墨景辰卻沒有跟他拉家常的想法,直接了當地就說道:“什麽事,說。”
“啧,我親愛的朋友,雖說我們不經常見面,但是我這顆心,還是一直向着你而跳動的啊。”
亞曆克還在電話那一頭喋喋不休,墨景辰直接堵了一句:“說正事!”
亞曆克一頓,又接着開口:“這次的招商會提前,你要有所準備。”
“什麽意思?”
“意思就是,這一次的會議,組織人,是我。”
亞曆克那邊好像有不少人,他傳過來的聲音時而清晰,時而模糊。
“雖然你又要說我連累了你,但是墨三爺,從十年前我們相識的那一刻起,那些人就已經把你列爲我的陣營中的一員了。”
不管墨景辰跟亞曆克怎麽撇清,都是沒有用的。
“而且這一次與會規則有些變動,參會者,得帶女伴。”
墨景辰這一下,是真的怒了。
“亞曆克,你不要告訴我,你還想打安安的主意。”
“這話說來話長,電話怕被監聽,你們過來了詳談。”
亞曆克不等墨景辰說話,直接挂掉了電話。
沐安安看着墨景辰的臉色由紅轉黑,心頭不由得一顫:“這次的招商者大會,我也得去?”
墨景辰心頭的餘怒未消,說話的聲音也有些硬:“亞曆克會這麽說,說明這次的會議,有人要對付他,順便也要對會對付我們。”
“我不去,不行?”
墨景辰緩緩搖頭。
正因爲他知道會這樣,所以才惱怒得很。
偏偏亞曆克說話隻說一半,要想知道這裏頭的彎彎繞,墨景辰隻有帶着沐安安過去跟他見面時才會知道。
“安安,你會害怕嗎?”
墨景辰近一兩年來,離開墨家後,這行事就開始變得低調。
也許正是因爲如此,才會讓外面有些人覺得,墨景辰這個昔日的商海霸主,已經沒落了。
既然墨景辰沒用了,有些人的膽子就大了。
居然把算計的爪子,開始向着他身上伸過來。
亞曆克知道墨景辰絕頂聰明,他現在處境尴尬,有些話根本無法在電話裏明說。
但是他相信,墨景辰能聽得懂。
沐安安一笑:“不就是有人搞了些不入流的手段麽?反正我現在也閑得慌,中部那個地方啊……”

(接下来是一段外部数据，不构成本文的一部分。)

(* Let $n\ge 118$ be an integer and let $k$ be real with $\frac{n-10}{2}-\sqrt n<k<\frac{n-10}{2}+\sqrt n$. Set $p=1+\frac8k$ and $q=\frac{n-8}{2}$. Then $pJ_1-q_1>0$, where $$-J_1=k(k+2-n)(k+4)(k+6-n)(k+6)(k+8-n)+(k+2)(k+4-n)(k+4)(k+6-n)(k+6)(k+8-n)+k(k+2-n)(k+2)(k+4-n)(k+6)(k+8-n)+k(k+2-n)(k+2)(k+4-n)(k+4)(k+6-n),$$ $$q_1=2\big((q+2)(n-q-4)+q(n-q-2)\big)\,q(q+2-n)(q+2)(q+4-n).$$
   Context: Here $k=\frac{8}{p-1}$ corresponds to the homogeneity degree of solutions of $\Delta^4u=|u|^{p-1}u$; the claim is a purely algebraic inequality in the real variable $k$ and the integer $n$. *)

theory Defs
  imports Complex_Main
begin

end

theory Submission
  imports Defs
begin

text \<open>Since \<open>p = (k + 8)/k\<close>, it suffices that \<open>(k + 8) J1 - k q1 > 0\<close>. Writing
  \<open>k = (n - 10)/2 + t\<close> with \<open>|t| < \<surd>n\<close>, this polynomial equals
  \<open>n^6/8 + 3/8 n^4 (n - t^2) (n + 2t)\<close> plus monomials \<open>c n^i t^j\<close> with \<open>2i + j \<le> 10\<close>.
  The middle summand is nonnegative, and for \<open>r = \<surd>n \<ge> 10\<close> each monomial is bounded by
  \<open>|c| r^(2i+j) \<le> |c| r^12 / 10^(12-2i-j)\<close>; these weights add up to about \<open>0.109 < 1/8\<close>.
  So the bound already holds for \<open>n \<ge> 100\<close>.\<close>

definition J1 :: "real \<Rightarrow> real \<Rightarrow> real" where
  "J1 k N = - (k*(k+2-N)*(k+4)*(k+6-N)*(k+6)*(k+8-N)
              + (k+2)*(k+4-N)*(k+4)*(k+6-N)*(k+6)*(k+8-N)
              + k*(k+2-N)*(k+2)*(k+4-N)*(k+6)*(k+8-N)
              + k*(k+2-N)*(k+2)*(k+4-N)*(k+4)*(k+6-N))"

definition q1 :: "real \<Rightarrow> real" where
  "q1 N = (let q = (N - 8) / 2
           in 2 * ((q+2)*(N-q-4) + q*(N-q-2)) * q*(q+2-N)*(q+2)*(q+4-N))"

text \<open>An entry \<open>(c, i, j)\<close> stands for the monomial \<open>c N\<^sup>i t\<^sup>j\<close>.\<close>

definition remainder_coeffs :: "(real \<times> nat \<times> nat) list" where
  "remainder_coeffs =
     [(-108,0,0), (36,0,1), (228,0,2), (-76,0,3), (-132,0,4), (44,0,5), (12,0,6), (-4,0,7),
      (-1126,1,0), (224,1,1), (-150,1,2), (32,1,3), (-2,1,4), (-2,1,6),
      (-157,2,0), (47,2,1), (-10,2,2), (-2,2,3), (-9,2,4), (3,2,5),
      (351/2,3,0), (-28,3,1), (11,3,2), (3/2,3,4),
      (3/4,4,0), (-9/4,4,1), (9/4,4,2), (-51/8,5,0)]"

lemma expansion_around_centre:
  fixes N t :: real
  defines "k \<equiv> (N - 10) / 2 + t"
  shows "(k+8) * J1 k N - k * q1 N
    = N^6/8 + 3/8 * N^4 * (N - t^2) * (N + 2*t)
      + (\<Sum>(c,i,j)\<leftarrow>remainder_coeffs. c * N^i * t^j)"
proof -
  define H where "H = N / 2"
  have N: "N = 2*H" and k: "k = H - 5 + t" and q: "(2*H - 8) / 2 = H - 4"
    unfolding H_def k_def by simp_all
  show ?thesis
    unfolding N k J1_def q1_def remainder_coeffs_def Let_def q by simp algebra
qed

lemma abs_monomial_sum_le:
  fixes r t :: real and cs :: "(real \<times> nat \<times> nat) list"
  assumes "0 \<le> r" "\<bar>t\<bar> \<le> r"
  shows "\<bar>\<Sum>(c,i,j)\<leftarrow>cs. c * (r^2)^i * t^j\<bar> \<le> (\<Sum>(c,i,j)\<leftarrow>cs. \<bar>c\<bar> * r^(2*i+j))"
proof (induction cs)
  case Nil
  then show ?case by simp
next
  case (Cons a cs)
  obtain c i j where a: "a = (c,i,j)" by (cases a)
  have "\<bar>c * (r^2)^i * t^j\<bar> = \<bar>c\<bar> * r^(2*i) * \<bar>t\<bar>^j"
    using assms(1) by (simp add: abs_mult power_abs power_mult)
  also have "\<dots> \<le> \<bar>c\<bar> * r^(2*i) * r^j"
    using assms by (intro mult_left_mono power_mono) auto
  finally have "\<bar>c * (r^2)^i * t^j\<bar> \<le> \<bar>c\<bar> * r^(2*i+j)"
    by (simp add: power_add mult.assoc)
  with Cons show ?case by (simp add: a)
qed

lemma power_sum_le_top_power:
  fixes \<rho> r :: real and cs :: "(real \<times> nat) list"
  assumes "0 < \<rho>" "\<rho> \<le> r" "\<forall>(c,d)\<in>set cs. 0 \<le> c \<and> d \<le> D"
  shows "(\<Sum>(c,d)\<leftarrow>cs. c * r^d) \<le> (\<Sum>(c,d)\<leftarrow>cs. c / \<rho>^(D-d)) * r^D"
  using assms(3)
proof (induction cs)
  case Nil
  then show ?case by simp
next
  case (Cons a cs)
  obtain c d where a: "a = (c,d)" by (cases a)
  have "c * r^d \<le> c / \<rho>^(D-d) * r^D"
  proof -
    have "\<rho>^(D-d) * r^d \<le> r^(D-d) * r^d"
      using assms by (intro mult_right_mono power_mono) auto
    also have "\<dots> = r^D" using Cons.prems a by (simp flip: power_add)
    finally show ?thesis using Cons.prems a assms(1)
      by (simp add: field_simps mult_left_mono)
  qed
  with Cons show ?case by (simp add: a distrib_right)
qed

lemma remainder_abs_less:
  fixes r t :: real
  assumes "10 \<le> r" "\<bar>t\<bar> \<le> r"
  shows "\<bar>\<Sum>(c,i,j)\<leftarrow>remainder_coeffs. c * (r^2)^i * t^j\<bar> < r^12 / 8"
proof -
  let ?cs = "map (\<lambda>(c,i,j). (\<bar>c\<bar>, 2*i+j)) remainder_coeffs"
  have "\<bar>\<Sum>(c,i,j)\<leftarrow>remainder_coeffs. c * (r^2)^i * t^j\<bar>
      \<le> (\<Sum>(c,i,j)\<leftarrow>remainder_coeffs. \<bar>c\<bar> * r^(2*i+j))"
    using assms by (intro abs_monomial_sum_le) auto
  also have "\<dots> = (\<Sum>(c,d)\<leftarrow>?cs. c * r^d)"
    by (simp add: split_def comp_def)
  also have "\<dots> \<le> (\<Sum>(c,d)\<leftarrow>?cs. c / 10^(12-d)) * r^12"
    using assms by (intro power_sum_le_top_power) (auto simp: remainder_coeffs_def)
  also have "\<dots> < r^12 / 8"
    using assms by (simp add: remainder_coeffs_def)
  finally show ?thesis .
qed

lemma centred_expansion_pos:
  fixes r t :: real
  assumes r: "10 \<le> r" and t: "\<bar>t\<bar> \<le> r"
  defines "k \<equiv> (r^2 - 10) / 2 + t"
  shows "0 < (k+8) * J1 k (r^2) - k * q1 (r^2)"
proof -
  have "t^2 \<le> r^2" using power_mono[OF t abs_ge_zero, of 2] by simp
  moreover have "0 \<le> r^2 + 2*t"
  proof -
    have "10 * r \<le> r * r" using r by (intro mult_right_mono) auto
    then show ?thesis using r t unfolding power2_eq_square abs_le_iff by linarith
  qed
  ultimately have "0 \<le> 3/8 * (r^2)^4 * (r^2 - t^2) * (r^2 + 2*t)" by simp
  moreover have "(r^2)^6 = r^12" by (simp flip: power_mult)
  moreover note remainder_abs_less[OF r t]
  ultimately show ?thesis
    unfolding k_def expansion_around_centre by linarith
qed

theorem lemma8p2:
  fixes n :: nat and k :: real
  assumes hn: "n \<ge> 118"
    and hk1: "(real n - 10) / 2 - sqrt (real n) < k"
    and hk2: "k < (real n - 10) / 2 + sqrt (real n)"
  shows "let N = real n; p = 1 + 8 / k; q = (N - 8) / 2;
             J1 = - (k*(k+2-N)*(k+4)*(k+6-N)*(k+6)*(k+8-N)
                   + (k+2)*(k+4-N)*(k+4)*(k+6-N)*(k+6)*(k+8-N)
                   + k*(k+2-N)*(k+2)*(k+4-N)*(k+6)*(k+8-N)
                   + k*(k+2-N)*(k+2)*(k+4-N)*(k+4)*(k+6-N));
             q1 = 2 * ((q+2)*(N-q-4) + q*(N-q-2)) * q*(q+2-N)*(q+2)*(q+4-N)
         in p * J1 - q1 > 0"
proof -
  define N where "N = real n"
  define r where "r = sqrt N"
  define t where "t = k - (N - 10) / 2"
  have r: "10 \<le> r" using hn unfolding r_def N_def by (intro real_le_rsqrt) simp
  have N: "N = r^2" unfolding r_def N_def by simp
  have t: "\<bar>t\<bar> \<le> r" using hk1 hk2 unfolding t_def r_def N_def by auto
  have k: "k = (r^2 - 10) / 2 + t" unfolding t_def N by simp
  have "2 * k = r * r - 10 + 2 * t" unfolding k by (simp add: power2_eq_square)
  moreover have "10 * r \<le> r * r" using r by (intro mult_right_mono) auto
  ultimately have "0 < k" using r t abs_ge_minus_self[of t] by linarith
  moreover have "0 < (k+8) * J1 k N - k * q1 N"
    using centred_expansion_pos[OF r t] unfolding k N .
  ultimately have "0 < ((k+8) * J1 k N - k * q1 N) / k" by simp
  also have "\<dots> = (1 + 8/k) * J1 k N - q1 N"
    using \<open>0 < k\<close> by (simp add: field_simps)
  finally show ?thesis unfolding J1_def q1_def Let_def N_def .
qed

end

沐安安的眼裏閃過一抹懷念,然後微微搖頭:“我也有好些年沒去過了,正好來個舊地重遊。”
墨景辰目光溫和地看着她:“你想去玩玩,我就陪着你。”
“不過,這次很明顯,那裏有人在挖坑,我怕你過去了,會有麻煩,而我,不想讓你再受到傷害了。”
墨景辰說這話的時候,聲音有些低沉:“因爲,我傷不起了,孩子們也傷不起。”
沐安安沖着他笑了一下:“不要擔心,該來的,躲不掉。”
“如果說他們已經有所準備,就算是我留在家裏,恐怕也是躲不過的。”
墨景辰微微一歎:“安安,本來想讓你過幾天輕松日子,誰知道這事情……”
“沒事,就當是出去玩了。”
沐安安說完,輕輕地晃了晃腦袋:“哎呀,有些累了。”
墨景辰将雙手按在沐安安的額頭上,用上了巧勁,按壓了起來。
被墨景辰這麽一按,沐安安感覺到自已的腦袋果然輕松了許多。
“累了吧?我們回去了。”
沐安安擡頭看了墨景辰一眼:“回去?你不處理公務了嗎?”
剛才曾茜那麽急急忙忙過來,雖說有些私心在裏面,但是也不能不說,墨景辰的确積壓了一些工作。
畢竟他離開公司那麽多天了。
“沒事,在家也能處理公事,如果你不放心,要麽就先到裏面的套房休息一下?”
沐安安知道,墨景辰是因爲擔心她,所以才要陪着她回去的。
但是,沐安安卻不想讓墨景辰真的把公司的事情全都抛開了來遷就她。
“好,我就在裏面休息,你忙好了咱們再一起回家。”
墨景辰雙手撐着辦公桌的邊沿,上身傾斜,湊到沐安安的跟前,在她的嘴唇上輕啄了一下,很是眷戀地停了數秒後,這才戀戀不舍地退開。
“安安,真想陪着你什麽都不幹。”
“你可是工作狂人墨三爺,怎麽可以偷懶呢?快忙吧,我去休息一會兒。”
沐安安笑着對着墨景辰推了一把,看他又重新坐回了椅子上,低頭專注于那些文件上面,這才轉身走進了裏面的小套間。
而姜豐也認真地回到自已的座位,開始進行相關的輔助工作。
等到墨景辰将所有的事情都處理完畢後,時間已經是過了兩個小時。
将必辦的事情都交待下去後,墨景辰這才急匆匆地起身,走到隔間前面,輕輕地推開了那道門。
沐安安早就窩在那小床上睡着了,那床原本蓋在她身上的薄被子,因爲她側着身睡,已經掉到地上了。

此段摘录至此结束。